SdeA monomer from A. fumigatus predicted by Alphafold3. (A) SdeA structure (residues 19–409) colored by pLDDT confidence. The structure is composed of two domains: a desaturase domain (SdeA), ranging from residues 19 to 309, and a cytochrome b5 domain, ranging from residues 330 to 409. These domains are separated by a 21-residue-long linker. (B) Desaturase domain of SdeA (residues 37–275), colored in golden. Stearoyl-CoA molecule was docked in the structure by aligning SdeA against the human SDC1 crystal structure (PDB 4zyo). Stearoyl-CoA is depicted in red, with a 3 Å density around it. Iron ions are depicted in magenta. On the lower panel, the nine histidines belonging to three conserved histidine-rich motifs (HXXXXH, HXXHH, and QXXHH) in the catalytic site are depicted in blue, close to the aligned iron ions. (C) Cytochrome b5 domain of SdeA (residues 330–409), depicted in green. The heme prosthetic group is colored in cyan with oxygen atoms in red, nitrogen in blue, and iron in orange. (D) Predicted aligned error plot for SdeA monomer. Two clear domains are depicted, whereas the desaturase domain is highlighted in yellow, and the CytB5 domain is highlighted in blue. (E) SdeA dimer (residues 19–409), with protomer 1 depicted in gold and protomer 2 in green arranged in the stable dimeric structure.
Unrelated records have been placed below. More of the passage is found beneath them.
lemma invariant_config:
  "cfg_wf (config A \<omega> t) \<and>
   weakener_inv (shm (config A \<omega> t)) (eff_loc (config A \<omega> t)) (first_writes_at A \<omega> t)"
proof (induction t)
  case 0
  show ?case
    using cfg_wf_init weakener_inv_init by (simp add: config_0 first_writes_of_init)
next
  case (Suc t)
  then show ?case
    using cfg_wf_do_act weakener_inv_do_act by (simp add: config_Suc first_writes_at_Suc del: hist.simps)
qed

definition hist_of_coins :: "adversary \<Rightarrow> bool list \<Rightarrow> cfg list" where
  "hist_of_coins A l = foldl (\<lambda>h b. h @ [do_act (A h) b (last h)]) [init_cfg] l"

lemma hist_eq_hist_of_coins: "hist A \<omega> t = hist_of_coins A (stake t \<omega>)"
  by (induction t) (simp_all add: hist_of_coins_def stake_Suc Let_def del: stake.simps(2))

text \<open>At \<open>p\<^sub>0\<close>'s coin flip in round \<open>j\<close> the prediction is the first writer of \<open>R\<^sub>1[j]\<close>,
  read as a boolean; it is defined because \<open>p\<^sub>0\<close> has written \<open>R\<^sub>1[j]\<close> already.\<close>
definition predict_coin :: "adversary \<Rightarrow> bool list \<Rightarrow> bool option" where
  "predict_coin A l = (let h = hist_of_coins A l; c = last h in
     if is_flip (A h) c then Some (first_writes_of h (rnd (loc c 0)) = Some 1) else None)"

lemma predict_coin_stake:
  "predict_coin A (stake t \<omega>) =
    (if is_flip (sched A \<omega> t) (config A \<omega> t)
     then Some (first_writes_at A \<omega> t (rnd (loc (config A \<omega> t) 0)) = Some 1) else None)"
  by (simp add: predict_coin_def hist_eq_hist_of_coins[symmetric] sched_def config_def Let_def)

definition flips_done :: "lstate \<Rightarrow> nat" where
  "flips_done s = rnd s + (if pc s \<in> {WC, RR2, Ret} then 1 else 0)"

lemma flips_done_exec_op:
  assumes "weakener_inv m P fw" "cur_op i (P i) = Some q" "exec_op m P i q = (m', P')"
  shows "flips_done (P' 0) = flips_done (P 0)"
proof (cases "i = 0")
  case True
  have "pc (P 0) \<in> pc_range 0"
    using assms(1) by (simp add: weakener_inv_def inv_pc_def)
  then show ?thesis
    using assms(2,3) True
    by (auto simp: exec_op_def flips_done_def after_def pc_range_def cur_op_def
        split: pcv.splits if_splits)
qed (use assms(3) in \<open>auto simp: exec_op_def\<close>)

lemma guess_count_predict_coin:
  "guess_count (predict_coin A) \<omega> t = flips_done (eff_loc (config A \<omega> t) 0)"
proof (induction t)
  case 0
  show ?case
    by (simp add: config_0 eff_loc_def eff_state_def init_cfg_def flips_done_def)
next
  case (Suc t)
  let ?c = "config A \<omega> t"
  have inv: "cfg_wf ?c" "weakener_inv (shm ?c) (eff_loc ?c) (first_writes_at A \<omega> t)"
    using invariant_config by blast+
  from inv(1) show ?case
  proof (cases rule: do_act_cases[where a="sched A \<omega> t" and b="\<omega> !! t"])
    case flip
    then show ?thesis
      using Suc is_flip_pc[OF flip(1)]
      by (simp add: config_Suc predict_coin_stake flips_done_def exec_flip_def)
  next
    case stutter
    then show ?thesis
      using Suc by (simp add: config_Suc predict_coin_stake)
  next
    case (exec i q)
    then show ?thesis
      using Suc flips_done_exec_op[OF inv(2) exec(2) exec(3)[symmetric]]
      by (simp add: config_Suc predict_coin_stake)
  qed
qed

definition coin_mismatch :: "nat \<Rightarrow> shmem \<Rightarrow> (nat \<Rightarrow> lstate) \<Rightarrow> (nat \<Rightarrow> int option) \<Rightarrow> bool" where
  "coin_mismatch j m P fw \<longleftrightarrow>
     (rnd (P 0) = j \<and> pc (P 0) = WC \<and> cf (P 0) \<noteq> -1 \<and> Some (cf (P 0)) \<noteq> fw j) \<or>
     (c1 m j \<noteq> -1 \<and> Some (c1 m j) \<noteq> fw j)"

lemma coin_mismatch_not_passed:
  assumes inv: "weakener_inv m P fw" and "coin_mismatch j m P fw"
  shows "\<not> round_passed m P j"
proof
  assume "round_passed m P j"
  then have fw: "fw j = Some (c1 m j)"
    using inv by (simp add: weakener_inv_def inv_passed_def)
  moreover have "inv_first_write m P fw"
    using inv by (simp add: weakener_inv_def)
  ultimately have "c1 m j \<noteq> -1"
    using first_write_values[of m P fw j] by auto
  then have "j < rnd (P 0) \<or> (j = rnd (P 0) \<and> (pc (P 0) = RR2 \<or> pc (P 0) = Ret))"
    using inv by (simp add: weakener_inv_def inv_coin_def)
  then show False
    using assms(2) fw unfolding coin_mismatch_def by auto
qed

lemma coin_mismatch_exec_op:
  assumes inv: "weakener_inv m P fw" and q: "cur_op i (P i) = Some q"
    and exec: "exec_op m P i q = (m', P')" and mismatch: "coin_mismatch j m P fw"
  shows "coin_mismatch j m' P' (record_first_write m' fw)"
proof -
  have coin: "inv_coin m P"
    using inv by (simp add: weakener_inv_def)
  have "pc (P i) \<in> pc_range i"
    using inv by (simp add: weakener_inv_def inv_pc_def)
  then have WC: "pc (P i) = WC \<Longrightarrow> i = 0"
    by (auto simp: pc_range_def split: if_splits)
  then have c1': "c1 m' = (if pc (P i) = WC then (c1 m)(rnd (P 0) := cf (P 0)) else c1 m)"
    and P'0: "i \<noteq> 0 \<Longrightarrow> P' 0 = P 0"
    using q exec by (auto simp: exec_op_def cur_op_def split: pcv.splits)
  have "has_written P 0 j"
    using mismatch coin unfolding coin_mismatch_def inv_coin_def has_written_def by fastforce
  then have fw': "record_first_write m' fw j = fw j"
    using inv first_write_if_written record_first_write_keep
    by (metis weakener_inv_def)
  show ?thesis
  proof (cases "rnd (P 0) = j \<and> pc (P 0) = WC \<and> cf (P 0) \<noteq> -1 \<and> Some (cf (P 0)) \<noteq> fw j")
    case True
    then show ?thesis
      using c1' P'0 fw' by (cases "i = 0") (auto simp: coin_mismatch_def)
  next
    case False
    then have "c1 m j \<noteq> -1" "Some (c1 m j) \<noteq> fw j"
      using mismatch unfolding coin_mismatch_def by blast+
    moreover have "c1 m' j = c1 m j"
    proof (cases "pc (P i) = WC")
      case True
      then have "pc (P 0) = WC"
        using WC by auto
      then show ?thesis
        using c1' coin \<open>c1 m j \<noteq> -1\<close> unfolding inv_coin_def by auto
    qed (simp add: c1')
    ultimately show ?thesis
      using fw' by (simp add: coin_mismatch_def)
  qed
qed

lemma coin_mismatch_do_act:
  assumes "cfg_wf c" and inv: "weakener_inv (shm c) (eff_loc c) fw"
    and mismatch: "coin_mismatch j (shm c) (eff_loc c) fw"
  shows "coin_mismatch j (shm (do_act a b c)) (eff_loc (do_act a b c))
    (record_first_write (shm (do_act a b c)) fw)"
proof -
  have fw: "inv_first_write (shm c) (eff_loc c) fw"
    using inv by (simp add: weakener_inv_def)
  from \<open>cfg_wf c\<close> show ?thesis
  proof (cases rule: do_act_cases[where a=a and b=b])
    case flip
    then show ?thesis
      using mismatch is_flip_pc[OF flip(1)] record_first_write_id[OF fw]
      by (simp add: coin_mismatch_def exec_flip_def)
  next
    case stutter
    then show ?thesis
      using mismatch record_first_write_id[OF fw] by simp
  next
    case (exec i q)
    then show ?thesis
      using coin_mismatch_exec_op[OF inv exec(2) exec(3)[symmetric] mismatch] by simp
  qed
qed

abbreviation coin_mismatch_at :: "adversary \<Rightarrow> bool stream \<Rightarrow> nat \<Rightarrow> nat \<Rightarrow> bool" where
  "coin_mismatch_at A \<omega> j t \<equiv>
     coin_mismatch j (shm (config A \<omega> t)) (eff_loc (config A \<omega> t)) (first_writes_at A \<omega> t)"

lemma coin_mismatch_at_mono:
  assumes "t \<le> t'" "coin_mismatch_at A \<omega> j t"
  shows "coin_mismatch_at A \<omega> j t'"
  using assms
proof (induction t' rule: dec_induct)
  case (step t')
  then show ?case
    using coin_mismatch_do_act invariant_config[of A \<omega> t']
    by (simp add: config_Suc first_writes_at_Suc del: hist.simps)
qed simp

lemma wrong_prediction_coin_mismatch:
  assumes flip: "is_flip (sched A \<omega> t) (config A \<omega> t)"
    and wrong: "predict_coin A (stake t \<omega>) \<noteq> Some (\<omega> !! t)"
  shows "coin_mismatch_at A \<omega> (rnd (loc (config A \<omega> t) 0)) (Suc t)"
proof -
  let ?c = "config A \<omega> t"
  let ?j = "rnd (loc ?c 0)"
  have inv: "cfg_wf ?c" "weakener_inv (shm ?c) (eff_loc ?c) (first_writes_at A \<omega> t)"
    using invariant_config by blast+
  have fw: "inv_first_write (shm ?c) (eff_loc ?c) (first_writes_at A \<omega> t)"
    using inv(2) by (simp add: weakener_inv_def)
  have eff0: "eff_loc ?c 0 = loc ?c 0"
    using flip by (simp add: is_flip_def eff_loc_def eff_state_no_pend)
  from inv(1) have "shm (config A \<omega> (Suc t)) = shm ?c \<and>
      eff_loc (config A \<omega> (Suc t)) = exec_flip (eff_loc ?c) (\<omega> !! t)"
  proof (cases rule: do_act_cases[where a="sched A \<omega> t" and b="\<omega> !! t"])
    case flip
    then show ?thesis
      by (simp add: config_Suc)
  qed (use flip in auto)
  then have step: "shm (config A \<omega> (Suc t)) = shm ?c"
      "eff_loc (config A \<omega> (Suc t)) = exec_flip (eff_loc ?c) (\<omega> !! t)"
    by auto
  then have "first_writes_at A \<omega> (Suc t) = first_writes_at A \<omega> t"
    using record_first_write_id[OF fw] by (simp add: first_writes_at_Suc del: hist.simps)
  moreover have "has_written (eff_loc ?c) 0 ?j"
    using flip eff0 by (simp add: is_flip_def has_written_def)
  then have "first_writes_at A \<omega> t ?j = Some 0 \<or> first_writes_at A \<omega> t ?j = Some 1"
    using first_write_values[OF fw, of ?j] first_write_if_written[OF fw] by auto
  ultimately show ?thesis
    using step eff0 wrong flip
    by (auto simp: coin_mismatch_def exec_flip_def predict_coin_stake)
qed

lemma round_passed_below_rnd:
  assumes "j < rnd (loc (config A \<omega> t) i)"
  shows "round_passed (shm (config A \<omega> t)) (eff_loc (config A \<omega> t)) j"
proof -
  have "rnd s \<le> rnd (eff_state i s)" for s
    by (auto simp: eff_state_def after_def split: option.splits pcv.splits rres.splits)
  then show ?thesis
    using assms unfolding round_passed_def eff_loc_def by (meson less_le_trans)
qed

lemma guess_count_ge_rnd:
  assumes "k \<le> rnd (loc (config A \<omega> t) i)"
  shows "k \<le> guess_count (predict_coin A) \<omega> t"
proof (cases k)
  case (Suc j)
  let ?c = "config A \<omega> t"
  have inv: "weakener_inv (shm ?c) (eff_loc ?c) (first_writes_at A \<omega> t)"
    using invariant_config by blast
  have "round_passed (shm ?c) (eff_loc ?c) j"
    using assms Suc by (intro round_passed_below_rnd[where i=i]) simp
  then have "first_writes_at A \<omega> t j = Some (c1 (shm ?c) j)"
    using inv by (simp add: weakener_inv_def inv_passed_def)
  then have "c1 (shm ?c) j \<noteq> -1"
    using inv first_write_values[of "shm ?c" "eff_loc ?c" "first_writes_at A \<omega> t" j]
    by (auto simp: weakener_inv_def)
  then have "j < rnd (eff_loc ?c 0) \<or> (j = rnd (eff_loc ?c 0) \<and> pc (eff_loc ?c 0) \<in> {RR2, Ret})"
    using inv by (simp add: weakener_inv_def inv_coin_def)
  then show ?thesis
    using Suc by (auto simp: guess_count_predict_coin flips_done_def)
qed simp

lemma guesses_right_if_rnd:
  assumes "k \<le> rnd (loc (config A \<omega> t) i)"
  shows "guesses_right (predict_coin A) k \<omega> t"
  unfolding guesses_right_iff
proof (intro allI impI)
  fix s
  assume "s < t" and "guess_count (predict_coin A) \<omega> s < k"
  show "case predict_coin A (stake s \<omega>) of None \<Rightarrow> True | Some b \<Rightarrow> \<omega> !! s = b"
  proof (cases "is_flip (sched A \<omega> s) (config A \<omega> s)")
    case True
    let ?j = "rnd (loc (config A \<omega> s) 0)"
    have "guess_count (predict_coin A) \<omega> s = ?j"
      using is_flip_pc[OF True] True
      by (simp add: guess_count_predict_coin flips_done_def is_flip_def eff_loc_def eff_state_no_pend)
    then have "round_passed (shm (config A \<omega> t)) (eff_loc (config A \<omega> t)) ?j"
      using assms \<open>guess_count (predict_coin A) \<omega> s < k\<close> by (intro round_passed_below_rnd[where i=i]) simp
    moreover have "\<not> coin_mismatch_at A \<omega> ?j t"
      using coin_mismatch_not_passed invariant_config calculation by blast
    then have "predict_coin A (stake s \<omega>) = Some (\<omega> !! s)"
      using wrong_prediction_coin_mismatch[OF True] coin_mismatch_at_mono[of "Suc s" t] \<open>s < t\<close>
      by auto
    then show ?thesis
      by simp
  qed (simp add: predict_coin_stake)
qed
Stearoyl-CoA, depicted in red, was docked into the protomers by aligning SdeA against the human SDC1 crystal structure (PDB 4zyo). The heme prosthetic groups are depicted in cyan, while iron ions are depicted in magenta (SdeA domain) and red (heme). The lower panel shows the arrangement of the molecules involved in SdeA catalysis. Upon dimerization, the heme group of protomer 2 will be positioned in proximity to the desaturase catalytic site of protomer 1 and vice versa. Distances between the heme, the iron ions, and the docked stearoyl-CoA are depicted as black dotted lines. Heme group is colored in blue with oxygen atoms in red and iron in orange, stearoyl-CoA depicted in red, iron ions in SdeA are colored magenta, and SdeA residues in green and blue, where blue color indicates the nitrogen atoms of the coordinating histidines.